definition mtrace :: "complex mat \<Rightarrow> complex" where
  "mtrace A = (\<Sum>i<dim_row A. A $$ (i,i))"

text \<open>Receive steering vector a_R(beta) (column, as M x 1 matrix), spacing d = lambda/2.\<close>
definition aR :: "nat \<Rightarrow> real \<Rightarrow> real \<Rightarrow> complex mat" where
  "aR M lam \<beta> = mat M 1 (\<lambda>(k,_). complex_of_real (1 / sqrt (real M)) *
      cis (- (2 * pi / lam) * real k * (lam / 2) * cos \<beta>))"

definition AR :: "nat \<Rightarrow> real \<Rightarrow> nat \<Rightarrow> (nat \<Rightarrow> real) \<Rightarrow> complex mat" where
  "AR M lam L \<beta> = mat M L (\<lambda>(k,l). complex_of_real (1 / sqrt (real M)) *
      cis (- (2 * pi / lam) * real k * (lam / 2) * cos (\<beta> l)))"

definition AT :: "nat \<Rightarrow> real \<Rightarrow> nat \<Rightarrow> (nat \<Rightarrow> real) \<Rightarrow> real vec \<Rightarrow> complex mat" where
  "AT N lam L \<theta> w = mat N L (\<lambda>(n,l). complex_of_real (1 / sqrt (real N)) *
      cis (- (2 * pi / lam) * (w $ n) * cos (\<theta> l)))"

definition Gam :: "nat \<Rightarrow> (nat \<Rightarrow> complex) \<Rightarrow> complex mat" where
  "Gam L g = mat L L (\<lambda>(i,j). if i = j then g i else 0)"

definition chan :: "nat \<Rightarrow> real \<Rightarrow> nat \<Rightarrow> nat \<Rightarrow> (nat \<Rightarrow> complex) \<Rightarrow> (nat \<Rightarrow> real)
    \<Rightarrow> (nat \<Rightarrow> real) \<Rightarrow> real vec \<Rightarrow> complex mat" where
  "chan M lam N L g \<beta> \<theta> w =
     complex_of_real (sqrt (real M * real N)) \<cdot>\<^sub>m (AR M lam L \<beta> * Gam L g * herm (AT N lam L \<theta> w))"

definition msum :: "nat \<Rightarrow> nat set \<Rightarrow> (nat \<Rightarrow> complex mat) \<Rightarrow> complex mat" where
  "msum M S f = foldr (\<lambda>v acc. f v + acc) (sorted_list_of_set S) (0\<^sub>m M M)"

definition pos_ok :: "nat \<Rightarrow> real \<Rightarrow> real vec \<Rightarrow> bool" where
  "pos_ok N W w \<longleftrightarrow> w \<in> carrier_vec N \<and> (\<forall>n<N. 0 \<le> w $ n \<and> w $ n \<le> W) \<and>
     (\<forall>n<N. \<forall>n'<N. n \<noteq> n' \<longrightarrow> w $ n \<noteq> w $ n')"

definition cov_ok :: "nat \<Rightarrow> real \<Rightarrow> complex mat \<Rightarrow> bool" where
  "cov_ok N P Q \<longleftrightarrow> psd N Q \<and> Re (mtrace Q) \<le> P"

end

(*
  With a single path, the channel of user u is the rank-one matrix
  G_u = sqrt(M N_u) gamma_u a_R a_T^H, so its contribution to the received covariance is
  M N_u |gamma_u|^2 (a_T^H Q_u a_T) a_R a_R^H.  Since a_T has unit norm, the scalar
  a_T^H Q_u a_T lies between 0 and tr Q_u <= P_u, and the value P_u is attained by the
  beamformer Q_u = P_u a_T a_T^H for any antenna positions.  Finally, for psd H the function
  t |-> det (I + H + t a_R a_R^H) is affine in t and positive for t >= 0, hence nondecreasing;
  so the optimum is unchanged when the contribution of user u is replaced by its value at P_u.
*)

theory Submission
  imports Defs
begin

unbundle no vec_syntax

lemma herm_carrier [simp]: "A \<in> carrier_mat m n \<Longrightarrow> herm A \<in> carrier_mat n m"
  unfolding herm_def by auto

lemma herm_dims [simp]: "dim_row (herm A) = dim_col A" "dim_col (herm A) = dim_row A"
  unfolding herm_def by auto

lemma herm_index [simp]: "i < dim_col A \<Longrightarrow> j < dim_row A \<Longrightarrow> herm A $$ (i,j) = cnj (A $$ (j,i))"
  unfolding herm_def by auto

lemma herm_herm [simp]: "herm (herm A) = A"
  by (rule eq_matI) auto

lemma herm_mult:
  assumes "A \<in> carrier_mat m n" "B \<in> carrier_mat n p"
  shows "herm (A * B) = herm B * herm A"
  by (rule eq_matI) (use assms in \<open>auto simp: scalar_prod_def sum_conjugate mult.commute\<close>)

lemma herm_add:
  "A \<in> carrier_mat m n \<Longrightarrow> B \<in> carrier_mat m n \<Longrightarrow> herm (A + B) = herm A + herm B"
  by (rule eq_matI) auto

lemma herm_smult: "herm (c \<cdot>\<^sub>m A) = cnj c \<cdot>\<^sub>m herm A"
  by (rule eq_matI) auto

lemma herm_one [simp]: "herm (1\<^sub>m n) = 1\<^sub>m n"
  by (rule eq_matI) auto

lemma det_herm:
  assumes "A \<in> carrier_mat n n"
  shows "det (herm A) = cnj (det A)"
proof -
  interpret cnj_hom: comm_ring_hom cnj by unfold_locales auto
  have "herm A = transpose_mat (map_mat cnj A)"
    using assms by (auto intro!: eq_matI)
  then show ?thesis
    using det_transpose[of "map_mat cnj A" n] assms by simp
qed

lemma det_hermitian_real:
  assumes "A \<in> carrier_mat n n" "herm A = A"
  shows "Im (det A) = 0"
  using det_herm[OF assms(1)] assms(2) by (metis Reals_cnj_iff complex_is_Real_iff)

lemma hermitian_iff:
  assumes "A \<in> carrier_mat n n"
  shows "herm A = A \<longleftrightarrow> (\<forall>i<n. \<forall>j<n. A $$ (j,i) = cnj (A $$ (i,j)))"
proof
  assume "herm A = A"
  then show "\<forall>i<n. \<forall>j<n. A $$ (j,i) = cnj (A $$ (i,j))"
    using assms by (metis carrier_matD herm_index)
next
  assume sym: "\<forall>i<n. \<forall>j<n. A $$ (j,i) = cnj (A $$ (i,j))"
  show "herm A = A"
  proof (rule eq_matI)
    fix i j assume "i < dim_row A" "j < dim_col A"
    then show "herm A $$ (i,j) = A $$ (i,j)"
      using assms sym[rule_format, of j i] by simp
  qed (use assms in auto)
qed

section \<open>Quadratic forms and positive semidefinite matrices\<close>

definition quad_form :: "nat \<Rightarrow> complex mat \<Rightarrow> (nat \<Rightarrow> complex) \<Rightarrow> complex" where
  "quad_form n A x = (\<Sum>i<n. \<Sum>j<n. cnj (x i) * A $$ (i,j) * x j)"

lemma quad_form_cong:
  "(\<And>i. i < n \<Longrightarrow> x i = y i) \<Longrightarrow> quad_form n A x = quad_form n A y"
  unfolding quad_form_def by (intro sum.cong) auto

lemma scalar_prod_conjugate_eq_quad_form:
  assumes "A \<in> carrier_mat n n" "x \<in> carrier_vec n"
  shows "conjugate x \<bullet> (A *\<^sub>v x) = quad_form n A (($) x)"
  using assms unfolding quad_form_def scalar_prod_def
  by (auto simp: sum_distrib_left mult.assoc lessThan_atLeast0 scalar_prod_def intro!: sum.cong)

lemma psd_iff_quad_form:
  "psd n A \<longleftrightarrow> A \<in> carrier_mat n n \<and> herm A = A \<and> (\<forall>x. 0 \<le> Re (quad_form n A x))"
proof -
  have "(\<forall>x\<in>carrier_vec n. 0 \<le> Re (conjugate x \<bullet> (A *\<^sub>v x))) \<longleftrightarrow> (\<forall>x. 0 \<le> Re (quad_form n A x))"
    if A: "A \<in> carrier_mat n n"
  proof
    assume "\<forall>x\<in>carrier_vec n. 0 \<le> Re (conjugate x \<bullet> (A *\<^sub>v x))"
    then have "0 \<le> Re (quad_form n A (($) (vec n x)))" for x
      using scalar_prod_conjugate_eq_quad_form[OF A, of "vec n x"] vec_carrier by metis
    moreover have "quad_form n A (($) (vec n x)) = quad_form n A x" for x
      by (rule quad_form_cong) simp
    ultimately show "\<forall>x. 0 \<le> Re (quad_form n A x)" by simp
  qed (simp add: scalar_prod_conjugate_eq_quad_form[OF A])
  then show ?thesis
    unfolding psd_def by blast
qed

lemma quad_form_add:
  assumes "A \<in> carrier_mat n n" "B \<in> carrier_mat n n"
  shows "quad_form n (A + B) x = quad_form n A x + quad_form n B x"
  using assms unfolding quad_form_def by (simp add: sum.distrib[symmetric] algebra_simps)

lemma quad_form_smult:
  assumes "A \<in> carrier_mat n n"
  shows "quad_form n (c \<cdot>\<^sub>m A) x = c * quad_form n A x"
  using assms unfolding quad_form_def by (simp add: sum_distrib_left algebra_simps)

lemma quad_form_one: "quad_form n (1\<^sub>m n) x = complex_of_real (\<Sum>i<n. (cmod (x i))\<^sup>2)"
proof -
  have "(\<Sum>j<n. cnj (x i) * 1\<^sub>m n $$ (i,j) * x j) = complex_of_real ((cmod (x i))\<^sup>2)"
    if "i < n" for i
    using that by (simp add: if_distrib if_distribR sum.delta cong: if_cong)
      (metis complex_norm_square mult.commute of_real_power)
  then show ?thesis
    unfolding quad_form_def by simp
qed

lemma quad_form_real:
  assumes "psd n A"
  shows "Im (quad_form n A x) = 0"
proof -
  have herm: "\<And>i j. i < n \<Longrightarrow> j < n \<Longrightarrow> A $$ (j,i) = cnj (A $$ (i,j))"
    using assms hermitian_iff unfolding psd_def by blast
  have "cnj (quad_form n A x) = (\<Sum>i<n. \<Sum>j<n. x i * A $$ (j,i) * cnj (x j))"
    unfolding quad_form_def cnj_sum complex_cnj_mult complex_cnj_cnj
    by (intro sum.cong refl) (simp add: herm[symmetric])
  also have "\<dots> = quad_form n A x"
    unfolding quad_form_def by (subst sum.swap) (simp add: mult_ac)
  finally show ?thesis
    by (metis Reals_cnj_iff complex_is_Real_iff)
qed

lemma psd_carrier: "psd n A \<Longrightarrow> A \<in> carrier_mat n n"
  unfolding psd_def by blast

lemma psd_zero: "psd n (0\<^sub>m n n)"
  unfolding psd_iff_quad_form quad_form_def by (auto intro: eq_matI)

lemma psd_add:
  assumes "psd n A" "psd n B"
  shows "psd n (A + B)"
  using assms psd_carrier[OF assms(1)] psd_carrier[OF assms(2)]
  unfolding psd_iff_quad_form by (auto simp: herm_add quad_form_add intro: add_nonneg_nonneg)

lemma psd_smult:
  assumes "psd n A" "0 \<le> c"
  shows "psd n (complex_of_real c \<cdot>\<^sub>m A)"
  using assms psd_carrier[OF assms(1)]
  unfolding psd_iff_quad_form by (auto simp: herm_smult quad_form_smult)

lemma psd_outer: "psd n (mat n n (\<lambda>(i,j). u i * cnj (u j)))"
  unfolding psd_iff_quad_form
proof (intro conjI allI)
  fix x
  define a where "a = (\<Sum>i<n. cnj (x i) * u i)"
  have "quad_form n (mat n n (\<lambda>(i,j). u i * cnj (u j))) x = a * cnj a"
    unfolding quad_form_def a_def cnj_sum sum_product by (intro sum.cong) (auto simp: mult_ac)
  then show "0 \<le> Re (quad_form n (mat n n (\<lambda>(i,j). u i * cnj (u j))) x)"
    by (simp flip: complex_norm_square)
qed (auto intro: eq_matI)

lemma scalar_prod_conjugate_adjoint:
  assumes "G \<in> carrier_mat m n" "x \<in> carrier_vec m" "z \<in> carrier_vec n"
  shows "conjugate x \<bullet> (G *\<^sub>v z) = conjugate (herm G *\<^sub>v x) \<bullet> z"
proof -
  have "conjugate x \<bullet> (G *\<^sub>v z) = (\<Sum>i<m. \<Sum>k<n. G $$ (i,k) * cnj (x $ i) * z $ k)"
    using assms by (simp add: scalar_prod_def lessThan_atLeast0 sum_distrib_left algebra_simps)
  also have "\<dots> = (\<Sum>k<n. \<Sum>i<m. G $$ (i,k) * cnj (x $ i) * z $ k)"
    by (rule sum.swap)
  also have "\<dots> = conjugate (herm G *\<^sub>v x) \<bullet> z"
    using assms by (simp add: scalar_prod_def lessThan_atLeast0 sum_distrib_right)
  finally show ?thesis .
qed

lemma psd_congruence:
  assumes G: "G \<in> carrier_mat m n" and Q: "psd n Q"
  shows "psd m (G * Q * herm G)"
proof -
  have cQ: "Q \<in> carrier_mat n n" and hQ: "herm Q = Q"
    and nonneg: "\<And>x. x \<in> carrier_vec n \<Longrightarrow> 0 \<le> Re (conjugate x \<bullet> (Q *\<^sub>v x))"
    using Q unfolding psd_def by blast+
  have "herm (G * Q * herm G) = herm (herm G) * herm (G * Q)"
    using G cQ by (intro herm_mult) auto
  also have "\<dots> = G * (Q * herm G)"
    using G cQ hQ by (simp add: herm_mult[of G m n Q n])
  also have "\<dots> = G * Q * herm G"
    using G cQ by (simp add: assoc_mult_mat[of G m n Q n "herm G" m])
  finally have "herm (G * Q * herm G) = G * Q * herm G" .
  moreover have "0 \<le> Re (conjugate x \<bullet> ((G * Q * herm G) *\<^sub>v x))" if x: "x \<in> carrier_vec m" for x
  proof -
    have y: "herm G *\<^sub>v x \<in> carrier_vec n"
      using G x by (metis herm_carrier mult_mat_vec_carrier)
    have "(G * Q * herm G) *\<^sub>v x = G *\<^sub>v (Q *\<^sub>v (herm G *\<^sub>v x))"
      using G cQ x y by (simp add: assoc_mult_mat_vec[of "G * Q" m n "herm G" m x]
          assoc_mult_mat_vec[of G m n Q n])
    then show ?thesis
      using scalar_prod_conjugate_adjoint[OF G x, of "Q *\<^sub>v (herm G *\<^sub>v x)"] cQ y nonneg by simp
  qed
  ultimately show ?thesis
    unfolding psd_def using G cQ by auto
qed

lemma sum_sum_delta:
  fixes f :: "nat \<Rightarrow> nat \<Rightarrow> 'a::comm_monoid_add"
  assumes "p < n" "q < n"
  shows "(\<Sum>k<n. \<Sum>l<n. if k = p then if l = q then f k l else 0 else 0) = f p q"
proof -
  have "(\<Sum>l<n. if k = p then if l = q then f k l else 0 else 0) = (if k = p then f k q else 0)" for k
    using assms by (simp add: sum.delta)
  then show ?thesis
    using assms by (simp add: sum.delta)
qed

lemma quad_form_two_point:
  assumes "i < n" "j < n"
  shows "quad_form n A (\<lambda>k. (if k = i then a else 0) - (if k = j then b else 0)) =
    cnj a * a * A $$ (i,i) + cnj b * b * A $$ (j,j) - cnj a * b * A $$ (i,j) - cnj b * a * A $$ (j,i)"
proof -
  have "cnj ((if k = i then a else 0) - (if k = j then b else 0)) * A $$ (k,l)
          * ((if l = i then a else 0) - (if l = j then b else 0)) =
        (if k = i then if l = i then cnj a * a * A $$ (k,l) else 0 else 0)
      + (if k = j then if l = j then cnj b * b * A $$ (k,l) else 0 else 0)
      - (if k = i then if l = j then cnj a * b * A $$ (k,l) else 0 else 0)
      - (if k = j then if l = i then cnj b * a * A $$ (k,l) else 0 else 0)" for k l
    by (auto simp: algebra_simps)
  then show ?thesis
    unfolding quad_form_def using assms by (simp add: sum.distrib sum_subtractf sum_sum_delta)
qed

» **Task details**:
Everything from the first line of the material through the line containing "foldr (\<lambda>v acc." is to be printed exactly; lines after that are to be left out.

» **Your response**:
definition mtrace :: "complex mat \<Rightarrow> complex" where
  "mtrace A = (\<Sum>i<dim_row A. A $$ (i,i))"

text \<open>Receive steering vector a_R(beta) (column, as M x 1 matrix), spacing d = lambda/2.\<close>
definition aR :: "nat \<Rightarrow> real \<Rightarrow> real \<Rightarrow> complex mat" where
  "aR M lam \<beta> = mat M 1 (\<lambda>(k,_). complex_of_real (1 / sqrt (real M)) *
      cis (- (2 * pi / lam) * real k * (lam / 2) * cos \<beta>))"

definition AR :: "nat \<Rightarrow> real \<Rightarrow> nat \<Rightarrow> (nat \<Rightarrow> real) \<Rightarrow> complex mat" where
  "AR M lam L \<beta> = mat M L (\<lambda>(k,l). complex_of_real (1 / sqrt (real M)) *
      cis (- (2 * pi / lam) * real k * (lam / 2) * cos (\<beta> l)))"

definition AT :: "nat \<Rightarrow> real \<Rightarrow> nat \<Rightarrow> (nat \<Rightarrow> real) \<Rightarrow> real vec \<Rightarrow> complex mat" where
  "AT N lam L \<theta> w = mat N L (\<lambda>(n,l). complex_of_real (1 / sqrt (real N)) *
      cis (- (2 * pi / lam) * (w $ n) * cos (\<theta> l)))"

definition Gam :: "nat \<Rightarrow> (nat \<Rightarrow> complex) \<Rightarrow> complex mat" where
  "Gam L g = mat L L (\<lambda>(i,j). if i = j then g i else 0)"

definition chan :: "nat \<Rightarrow> real \<Rightarrow> nat \<Rightarrow> nat \<Rightarrow> (nat \<Rightarrow> complex) \<Rightarrow> (nat \<Rightarrow> real)
    \<Rightarrow> (nat \<Rightarrow> real) \<Rightarrow> real vec \<Rightarrow> complex mat" where
  "chan M lam N L g \<beta> \<theta> w =
     complex_of_real (sqrt (real M * real N)) \<cdot>\<^sub>m (AR M lam L \<beta> * Gam L g * herm (AT N lam L \<theta> w))"

definition msum :: "nat \<Rightarrow> nat set \<Rightarrow> (nat \<Rightarrow> complex mat) \<Rightarrow> complex mat" where
  "msum M S f = foldr (\<lambda>v acc. f v + acc) (sorted_list_of_set S) (0\<^sub>m M M)"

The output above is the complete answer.